TDSM 10.5
Definition
The definition of edit distance: Given sequences x, y, and functions insert, delete, and substitute. Associate cost with each insert, delete and substitute operations. Edit distance is the minimum cost of any edit sequences that transforms x into y.
Note that the cost is usually unit one. If two strings are similar, then their edit distance is small. The edit distance problem can be solved by dynamic programming in O( |x|•|y| ).
Examples:
edit(“kit”, “kite") = 1. “kit” —> insert one char ‘e’ —> “kite”
edit(“kite”, “kit”) = 1. “kite” —> delete one char ‘e’ —> “kit”
edit(“kite”, “cite”) = 1. “kite” —> substitute ‘k’ with ‘c’ —>”cite”
edit(“bob”, “bob”) = 0. “bob” —> no change needed —> “bob”
edit(“caitao”, “zhan”) = 5. “caitao” —> “aitao” —> “itao” —> “ztao” —> “zhao” —> “zhan”
Proof
To prove edit distance being a metric, it has to meet the four following requirements:
1. Positivity: d(x, y) ≥ 0 for all x and y.
2. Identity: d(x, y) = 0 if and only if x = y.
3. Symmetry: d(x, y) = d(y, x) for all x and y.
4. Triangle inequality: d(x, y) ≤ d(x, z) + d(z, y) for all x, y, and z.
From the definition of edit distance, 1 and 2 are obviously true. Now consider 3 and 4.
Prove 3:
Assume we transform x to y using an edit sequences of insert_xy, delete_xy, and substitute_xy. Then we can transform y to x by reversing insert_xy into delete_yx, delete_xy into insert_yx, substitute_xy into substitute_yx. The number of operations is the same. If transforming x to y is the minimum cost, then transforming y to x will also be the minimum cost. The edit distance is the same.
For example,
edit(“caitao”, “zhan”) = 5. “caitao” —> “aitao” —> “itao” —> “ztao” —> “zhao” —> “zhan”
edit(“zhan”, “caitao”) = 5. “zhan” —> “zhao” —> “ztao” —> “itao” —> “aitao” —> “caitao”
Prove 4:
According to the definition of edit distance, the meaning of d(x, y) is the minimum cost of transforming x to y. Note that it starts from x and ends at y.

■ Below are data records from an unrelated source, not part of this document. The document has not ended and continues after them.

lemma tan_bounds_of_le_arctan:
  fixes \<phi> \<eta> :: real
  assumes "0 < \<phi>" "\<phi> \<le> arctan \<eta>"
  shows "0 < tan \<phi>" "tan \<phi> \<le> \<eta>"
proof -
  have "\<phi> < pi / 2"
    using assms arctan_ubound[of \<eta>] by linarith
  then show "0 < tan \<phi>" "tan \<phi> \<le> \<eta>"
    using assms arctan_tan[of \<phi>] arctan_le_iff[of "tan \<phi>" \<eta>] by (auto intro: tan_gt_zero)
qed

lemma theta_factor_sector_bound:
  fixes \<xi> t a \<tau> :: real and z :: complex
  defines "d \<equiv> theta_factor \<xi> t 0"
  assumes "t \<le> 1" "\<xi> < 6" "0 \<le> d" "0 < \<tau>" "\<tau> \<le> 1" "\<tau> \<le> d / (8 * (t + 2 + 1/t))" "2 * a\<^sup>2 \<le> t"
    and "\<bar>Re z\<bar> < a" "\<bar>Im z\<bar> < \<bar>Re z\<bar> * \<tau>"
  shows "0 < cmod z" "cmod z < 1" "d / 2 \<le> theta_factor \<xi> ((cmod z)\<^sup>2) ((sin (Arg z))\<^sup>2)"
proof -
  note sector = sector_bounds[OF assms(9,10,6)]
  show "0 < cmod z"
    by (fact sector(1))
  have "(cmod z)\<^sup>2 < t"
    using sector(2) assms(8) by linarith
  then show "cmod z < 1"
    using assms(2) power2_less_imp_less[of "cmod z" 1] by simp
  have "\<tau>\<^sup>2 \<le> \<tau>"
    using assms(5,6) by (simp add: power2_eq_square mult_left_le)
  then show "d / 2 \<le> theta_factor \<xi> ((cmod z)\<^sup>2) ((sin (Arg z))\<^sup>2)"
    unfolding d_def using sector \<open>(cmod z)\<^sup>2 < t\<close> assms(2-4,7)
    by (intro theta_factor_lower_bound) (auto simp: d_def)
qed

theorem mainTheorem3:
  fixes \<xi> :: real
  assumes "\<xi> < -6"
  shows "\<exists>\<phi>0. 0 < \<phi>0 \<and> \<phi>0 \<le> pi / 4 \<and>
    (\<forall>\<phi>. 0 < \<phi> \<and> \<phi> \<le> \<phi>0 \<longrightarrow>
      (\<exists>c>0.
        (\<forall>z \<in> Omega01 \<xi> \<phi> \<union> Omega02 \<xi> \<phi>.
           Re (2 * \<i> * theta \<xi> z) \<ge> c * \<bar>sin (Arg z)\<bar> * (1 / cmod z - cmod z)) \<and>
        (\<forall>z \<in> Omega03 \<xi> \<phi> \<union> Omega04 \<xi> \<phi>.
           Re (2 * \<i> * theta \<xi> z) \<le> - c * \<bar>sin (Arg z)\<bar> * (1 / cmod z - cmod z))))"
proof -
  define t where "t = (zeta1 \<xi>)\<^sup>2 / 2"
  define d where "d = theta_factor \<xi> t 0"
  define \<eta> where "\<eta> = d / (8 * (t + 2 + 1/t))"
  note margin = half_zeta1_margin[OF assms, folded t_def d_def]
  have \<eta>: "0 < \<eta>" "\<eta> < 1"
    using margin by (auto simp: \<eta>_def divide_less_eq)
  have bound: "0 < cmod z" "cmod z < 1"
      "d / 2 \<le> theta_factor \<xi> ((cmod z)\<^sup>2) ((sin (Arg z))\<^sup>2)"
    if "0 < \<phi> \<and> \<phi> \<le> arctan \<eta>" "\<bar>Re z\<bar> < zeta1 \<xi> / 2" "\<bar>Im z\<bar> < \<bar>Re z\<bar> * tan \<phi>" for \<phi> z
  proof -
    have "2 * (zeta1 \<xi> / 2)\<^sup>2 \<le> t"
      by (simp add: t_def power_divide)
    then show "0 < cmod z" "cmod z < 1" "d / 2 \<le> theta_factor \<xi> ((cmod z)\<^sup>2) ((sin (Arg z))\<^sup>2)"
      using theta_factor_sector_bound[of t \<xi> "tan \<phi>" "zeta1 \<xi> / 2" z, folded d_def, folded \<eta>_def]
        tan_bounds_of_le_arctan[of \<phi> \<eta>] that margin \<eta> assms
      by auto
  qed
  show ?thesis
  proof (rule exI[of _ "arctan \<eta>"], intro conjI allI impI exI[of _ "d / 2"] ballI)
    show "0 < arctan \<eta>" "arctan \<eta> \<le> pi / 4" "0 < d / 2"
      using \<eta> margin arctan_less_iff[of 0 \<eta>] arctan_le_iff[of \<eta> 1] by (simp_all add: arctan_one)
  next
    fix \<phi> z assume \<phi>: "0 < \<phi> \<and> \<phi> \<le> arctan \<eta>" and "z \<in> Omega01 \<xi> \<phi> \<union> Omega02 \<xi> \<phi>"
    then have z: "\<bar>Re z\<bar> < zeta1 \<xi> / 2" "\<bar>Im z\<bar> < \<bar>Re z\<bar> * tan \<phi>" "0 < Im z"
      by (auto simp: Omega01_def Omega02_def)
    show "d / 2 * \<bar>sin (Arg z)\<bar> * (1 / cmod z - cmod z) \<le> Re (2 * \<i> * theta \<xi> z)"
      by (rule Re_2i_theta_bounds(1)[OF bound[OF \<phi> z(1,2)] z(3)])
  next
    fix \<phi> z assume \<phi>: "0 < \<phi> \<and> \<phi> \<le> arctan \<eta>" and "z \<in> Omega03 \<xi> \<phi> \<union> Omega04 \<xi> \<phi>"
    then have z: "\<bar>Re z\<bar> < zeta1 \<xi> / 2" "\<bar>Im z\<bar> < \<bar>Re z\<bar> * tan \<phi>" "Im z < 0"
      by (auto simp: Omega03_def Omega04_def)
    show "Re (2 * \<i> * theta \<xi> z) \<le> - (d / 2) * \<bar>sin (Arg z)\<bar> * (1 / cmod z - cmod z)"
      by (rule Re_2i_theta_bounds(2)[OF bound[OF \<phi> z(1,2)] z(3)])
  qed
qed

end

According to the definition of edit distance, the meaning of d(x, z) + d(z, y) is the minimum cost of transforming x to z, then transform z to y. Note that it also starts from x and ends at y. We can compose the sequences of operations from x to z (oper_1 … oper_m) and z to y (oper_1 … oper_n ) together into one sequence (oper_1 … oper_m … oper_1 … oper_n ). This composition of x to z and z to y is a valid edit from x to y. The number of this composed sequence’s operation must >= edit(x, y) according to the definition of edit distance.
Therefore, Triangle inequality: d(x, y) ≤ d(x, z) + d(z, y) is proved.